▶ [What to work on]: Given the material below, return only the lines starting at the line with "n (\<lambda>i. c" and ending at the line with "i) (Suc l))", exactly as they appear.

▶ [Data for analysis]:
━━━━━━

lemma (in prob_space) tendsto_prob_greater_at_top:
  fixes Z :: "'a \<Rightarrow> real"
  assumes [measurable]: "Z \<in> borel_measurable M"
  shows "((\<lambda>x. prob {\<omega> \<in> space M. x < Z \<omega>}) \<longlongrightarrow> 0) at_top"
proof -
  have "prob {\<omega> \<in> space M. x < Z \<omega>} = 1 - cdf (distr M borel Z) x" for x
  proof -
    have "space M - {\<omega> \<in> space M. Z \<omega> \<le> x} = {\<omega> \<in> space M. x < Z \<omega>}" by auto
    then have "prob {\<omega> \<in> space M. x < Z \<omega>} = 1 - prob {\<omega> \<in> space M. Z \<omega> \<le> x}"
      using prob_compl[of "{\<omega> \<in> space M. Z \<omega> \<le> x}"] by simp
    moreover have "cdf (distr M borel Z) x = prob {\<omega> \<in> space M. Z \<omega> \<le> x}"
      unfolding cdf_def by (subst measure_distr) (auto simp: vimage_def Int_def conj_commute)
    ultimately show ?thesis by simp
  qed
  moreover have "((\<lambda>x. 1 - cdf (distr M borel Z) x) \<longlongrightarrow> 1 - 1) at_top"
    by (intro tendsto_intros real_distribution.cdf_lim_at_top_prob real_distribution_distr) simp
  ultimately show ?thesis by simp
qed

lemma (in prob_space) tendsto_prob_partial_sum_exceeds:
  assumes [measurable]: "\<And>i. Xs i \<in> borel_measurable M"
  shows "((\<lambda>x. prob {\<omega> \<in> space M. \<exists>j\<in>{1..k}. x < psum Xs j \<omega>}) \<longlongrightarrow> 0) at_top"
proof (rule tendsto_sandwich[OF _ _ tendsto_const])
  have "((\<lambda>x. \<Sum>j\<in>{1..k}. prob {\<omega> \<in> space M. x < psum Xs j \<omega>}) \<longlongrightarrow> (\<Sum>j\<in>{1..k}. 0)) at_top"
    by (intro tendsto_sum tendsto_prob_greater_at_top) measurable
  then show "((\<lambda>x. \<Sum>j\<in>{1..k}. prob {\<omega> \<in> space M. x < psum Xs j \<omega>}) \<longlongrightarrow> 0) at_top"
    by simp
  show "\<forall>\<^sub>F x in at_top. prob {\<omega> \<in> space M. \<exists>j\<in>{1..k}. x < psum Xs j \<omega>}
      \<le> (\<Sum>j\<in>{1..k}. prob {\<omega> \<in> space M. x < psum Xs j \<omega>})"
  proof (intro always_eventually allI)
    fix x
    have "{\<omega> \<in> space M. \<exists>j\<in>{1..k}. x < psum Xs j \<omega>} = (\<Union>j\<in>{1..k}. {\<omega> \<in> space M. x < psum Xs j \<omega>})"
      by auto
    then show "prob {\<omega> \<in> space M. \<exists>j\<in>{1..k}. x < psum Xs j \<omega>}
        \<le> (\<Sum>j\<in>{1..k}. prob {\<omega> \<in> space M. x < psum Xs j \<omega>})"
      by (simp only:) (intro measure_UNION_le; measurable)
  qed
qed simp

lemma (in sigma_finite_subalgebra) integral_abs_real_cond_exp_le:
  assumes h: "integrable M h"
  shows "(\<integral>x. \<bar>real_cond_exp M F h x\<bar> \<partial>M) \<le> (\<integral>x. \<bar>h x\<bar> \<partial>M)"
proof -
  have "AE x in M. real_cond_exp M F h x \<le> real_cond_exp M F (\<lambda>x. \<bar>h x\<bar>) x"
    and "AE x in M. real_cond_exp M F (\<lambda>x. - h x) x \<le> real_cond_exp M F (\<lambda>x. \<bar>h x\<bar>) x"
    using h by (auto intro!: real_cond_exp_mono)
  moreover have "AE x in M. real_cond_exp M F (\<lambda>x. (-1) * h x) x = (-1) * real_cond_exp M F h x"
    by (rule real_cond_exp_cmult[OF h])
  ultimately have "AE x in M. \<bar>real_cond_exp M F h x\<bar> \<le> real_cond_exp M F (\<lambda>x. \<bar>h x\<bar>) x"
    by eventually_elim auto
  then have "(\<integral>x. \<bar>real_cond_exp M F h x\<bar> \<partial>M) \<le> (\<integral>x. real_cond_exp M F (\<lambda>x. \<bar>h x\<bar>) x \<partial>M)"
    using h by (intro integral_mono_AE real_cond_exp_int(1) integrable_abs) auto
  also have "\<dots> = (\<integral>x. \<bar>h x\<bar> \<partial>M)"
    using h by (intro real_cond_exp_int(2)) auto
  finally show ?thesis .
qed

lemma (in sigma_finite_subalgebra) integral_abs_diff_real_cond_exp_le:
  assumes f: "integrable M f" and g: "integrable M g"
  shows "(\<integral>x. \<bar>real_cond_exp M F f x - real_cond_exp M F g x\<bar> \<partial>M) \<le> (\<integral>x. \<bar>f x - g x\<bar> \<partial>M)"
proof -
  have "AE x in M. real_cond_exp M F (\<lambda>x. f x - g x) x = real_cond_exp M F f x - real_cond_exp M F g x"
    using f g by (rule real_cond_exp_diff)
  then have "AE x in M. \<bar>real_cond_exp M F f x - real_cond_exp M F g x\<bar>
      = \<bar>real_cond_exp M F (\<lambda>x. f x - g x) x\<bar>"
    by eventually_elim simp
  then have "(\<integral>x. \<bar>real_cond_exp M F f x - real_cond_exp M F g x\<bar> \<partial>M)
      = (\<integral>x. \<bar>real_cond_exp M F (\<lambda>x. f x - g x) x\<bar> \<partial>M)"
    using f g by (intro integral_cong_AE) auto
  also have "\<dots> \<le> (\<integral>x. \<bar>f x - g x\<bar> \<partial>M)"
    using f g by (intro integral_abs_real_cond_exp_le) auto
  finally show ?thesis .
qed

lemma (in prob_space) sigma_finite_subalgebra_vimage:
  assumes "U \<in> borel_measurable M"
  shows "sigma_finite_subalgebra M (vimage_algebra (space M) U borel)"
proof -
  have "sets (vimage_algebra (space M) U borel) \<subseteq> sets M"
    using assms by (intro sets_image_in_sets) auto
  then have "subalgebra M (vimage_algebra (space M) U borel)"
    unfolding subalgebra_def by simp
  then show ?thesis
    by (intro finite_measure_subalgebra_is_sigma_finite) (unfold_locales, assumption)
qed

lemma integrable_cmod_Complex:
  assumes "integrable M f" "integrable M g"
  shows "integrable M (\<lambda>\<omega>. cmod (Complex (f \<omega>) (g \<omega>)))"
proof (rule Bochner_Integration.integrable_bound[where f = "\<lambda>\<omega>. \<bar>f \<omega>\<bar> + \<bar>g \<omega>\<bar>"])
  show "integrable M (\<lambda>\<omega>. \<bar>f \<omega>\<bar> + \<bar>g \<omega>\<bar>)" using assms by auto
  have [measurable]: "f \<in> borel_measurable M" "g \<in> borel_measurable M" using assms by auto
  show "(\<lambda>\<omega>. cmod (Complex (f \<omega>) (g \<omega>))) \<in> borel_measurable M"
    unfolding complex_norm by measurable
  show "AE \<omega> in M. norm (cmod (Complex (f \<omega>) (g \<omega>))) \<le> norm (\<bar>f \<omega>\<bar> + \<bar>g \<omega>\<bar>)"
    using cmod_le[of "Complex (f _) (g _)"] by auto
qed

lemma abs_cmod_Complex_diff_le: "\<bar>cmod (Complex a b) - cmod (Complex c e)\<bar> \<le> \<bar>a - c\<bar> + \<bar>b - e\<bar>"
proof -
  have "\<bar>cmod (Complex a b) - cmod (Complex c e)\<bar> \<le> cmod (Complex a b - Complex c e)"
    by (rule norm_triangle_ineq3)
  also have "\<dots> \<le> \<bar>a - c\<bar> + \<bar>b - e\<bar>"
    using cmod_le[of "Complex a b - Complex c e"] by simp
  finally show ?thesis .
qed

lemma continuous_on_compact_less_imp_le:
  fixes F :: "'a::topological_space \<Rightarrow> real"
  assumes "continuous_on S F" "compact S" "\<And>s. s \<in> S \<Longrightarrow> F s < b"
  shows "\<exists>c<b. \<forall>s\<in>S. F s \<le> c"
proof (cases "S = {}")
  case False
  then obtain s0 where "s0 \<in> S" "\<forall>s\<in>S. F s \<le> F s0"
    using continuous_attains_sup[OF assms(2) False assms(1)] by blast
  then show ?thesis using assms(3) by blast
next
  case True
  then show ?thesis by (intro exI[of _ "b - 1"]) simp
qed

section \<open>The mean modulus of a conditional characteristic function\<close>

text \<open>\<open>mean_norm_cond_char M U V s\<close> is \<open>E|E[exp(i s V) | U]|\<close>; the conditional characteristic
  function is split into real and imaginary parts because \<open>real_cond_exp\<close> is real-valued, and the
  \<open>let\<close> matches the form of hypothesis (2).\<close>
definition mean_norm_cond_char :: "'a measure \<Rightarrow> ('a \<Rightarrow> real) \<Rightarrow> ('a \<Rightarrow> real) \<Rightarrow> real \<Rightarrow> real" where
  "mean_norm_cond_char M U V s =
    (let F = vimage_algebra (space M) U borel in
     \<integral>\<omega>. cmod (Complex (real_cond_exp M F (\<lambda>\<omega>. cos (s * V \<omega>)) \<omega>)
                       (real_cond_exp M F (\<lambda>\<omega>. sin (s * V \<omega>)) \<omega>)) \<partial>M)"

━━━━━━

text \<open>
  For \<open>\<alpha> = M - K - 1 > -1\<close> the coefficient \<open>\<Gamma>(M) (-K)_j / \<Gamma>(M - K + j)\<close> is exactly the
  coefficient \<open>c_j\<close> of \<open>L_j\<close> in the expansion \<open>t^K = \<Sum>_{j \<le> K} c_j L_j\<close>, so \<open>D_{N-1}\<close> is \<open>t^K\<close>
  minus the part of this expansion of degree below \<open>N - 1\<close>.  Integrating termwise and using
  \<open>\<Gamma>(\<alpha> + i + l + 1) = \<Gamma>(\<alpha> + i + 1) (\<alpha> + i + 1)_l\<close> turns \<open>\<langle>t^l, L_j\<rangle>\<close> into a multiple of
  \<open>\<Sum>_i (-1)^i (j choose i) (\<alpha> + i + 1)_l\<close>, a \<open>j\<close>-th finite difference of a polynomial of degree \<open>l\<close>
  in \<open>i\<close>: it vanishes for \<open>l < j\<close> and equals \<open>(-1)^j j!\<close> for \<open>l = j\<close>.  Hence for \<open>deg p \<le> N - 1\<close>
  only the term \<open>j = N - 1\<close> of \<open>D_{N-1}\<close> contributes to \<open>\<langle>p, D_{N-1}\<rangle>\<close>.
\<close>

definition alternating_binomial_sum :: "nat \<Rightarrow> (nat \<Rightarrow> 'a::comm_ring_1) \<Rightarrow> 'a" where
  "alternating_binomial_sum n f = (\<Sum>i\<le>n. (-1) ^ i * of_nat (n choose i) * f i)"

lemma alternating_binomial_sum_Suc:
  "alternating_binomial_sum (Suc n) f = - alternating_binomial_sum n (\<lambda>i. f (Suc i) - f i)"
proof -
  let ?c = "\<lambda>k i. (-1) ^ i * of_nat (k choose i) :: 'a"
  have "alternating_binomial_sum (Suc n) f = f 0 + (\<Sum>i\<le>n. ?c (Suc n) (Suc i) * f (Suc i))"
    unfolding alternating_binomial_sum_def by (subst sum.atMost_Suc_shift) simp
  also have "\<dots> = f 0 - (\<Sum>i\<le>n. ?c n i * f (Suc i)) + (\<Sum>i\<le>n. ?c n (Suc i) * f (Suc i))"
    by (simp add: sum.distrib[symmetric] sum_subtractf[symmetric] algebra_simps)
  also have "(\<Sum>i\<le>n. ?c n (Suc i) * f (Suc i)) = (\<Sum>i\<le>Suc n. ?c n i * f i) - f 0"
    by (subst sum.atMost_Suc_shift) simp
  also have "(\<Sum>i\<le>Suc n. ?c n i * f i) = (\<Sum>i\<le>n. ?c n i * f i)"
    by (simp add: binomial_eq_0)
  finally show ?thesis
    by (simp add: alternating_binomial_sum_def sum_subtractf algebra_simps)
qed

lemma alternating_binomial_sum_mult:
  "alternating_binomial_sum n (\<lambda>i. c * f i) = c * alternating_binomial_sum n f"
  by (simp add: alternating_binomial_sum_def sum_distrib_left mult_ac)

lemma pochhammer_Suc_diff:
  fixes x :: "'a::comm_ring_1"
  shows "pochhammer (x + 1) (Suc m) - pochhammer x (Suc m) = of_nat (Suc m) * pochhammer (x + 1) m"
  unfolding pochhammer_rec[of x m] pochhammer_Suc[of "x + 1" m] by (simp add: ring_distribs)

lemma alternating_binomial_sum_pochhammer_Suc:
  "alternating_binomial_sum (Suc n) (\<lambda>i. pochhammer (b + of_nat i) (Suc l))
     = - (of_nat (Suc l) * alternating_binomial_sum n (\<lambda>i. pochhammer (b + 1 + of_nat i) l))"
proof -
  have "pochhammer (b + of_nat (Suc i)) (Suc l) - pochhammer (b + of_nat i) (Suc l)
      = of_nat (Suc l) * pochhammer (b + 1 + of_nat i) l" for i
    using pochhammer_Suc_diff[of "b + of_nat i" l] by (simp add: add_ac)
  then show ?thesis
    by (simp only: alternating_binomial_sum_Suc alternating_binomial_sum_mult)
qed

━━━━━━

▶ [Answer]:
  "alternating_binomial_sum n (\<lambda>i. c * f i) = c * alternating_binomial_sum n f"
  by (simp add: alternating_binomial_sum_def sum_distrib_left mult_ac)

lemma pochhammer_Suc_diff:
  fixes x :: "'a::comm_ring_1"
  shows "pochhammer (x + 1) (Suc m) - pochhammer x (Suc m) = of_nat (Suc m) * pochhammer (x + 1) m"
  unfolding pochhammer_rec[of x m] pochhammer_Suc[of "x + 1" m] by (simp add: ring_distribs)

lemma alternating_binomial_sum_pochhammer_Suc:
  "alternating_binomial_sum (Suc n) (\<lambda>i. pochhammer (b + of_nat i) (Suc l))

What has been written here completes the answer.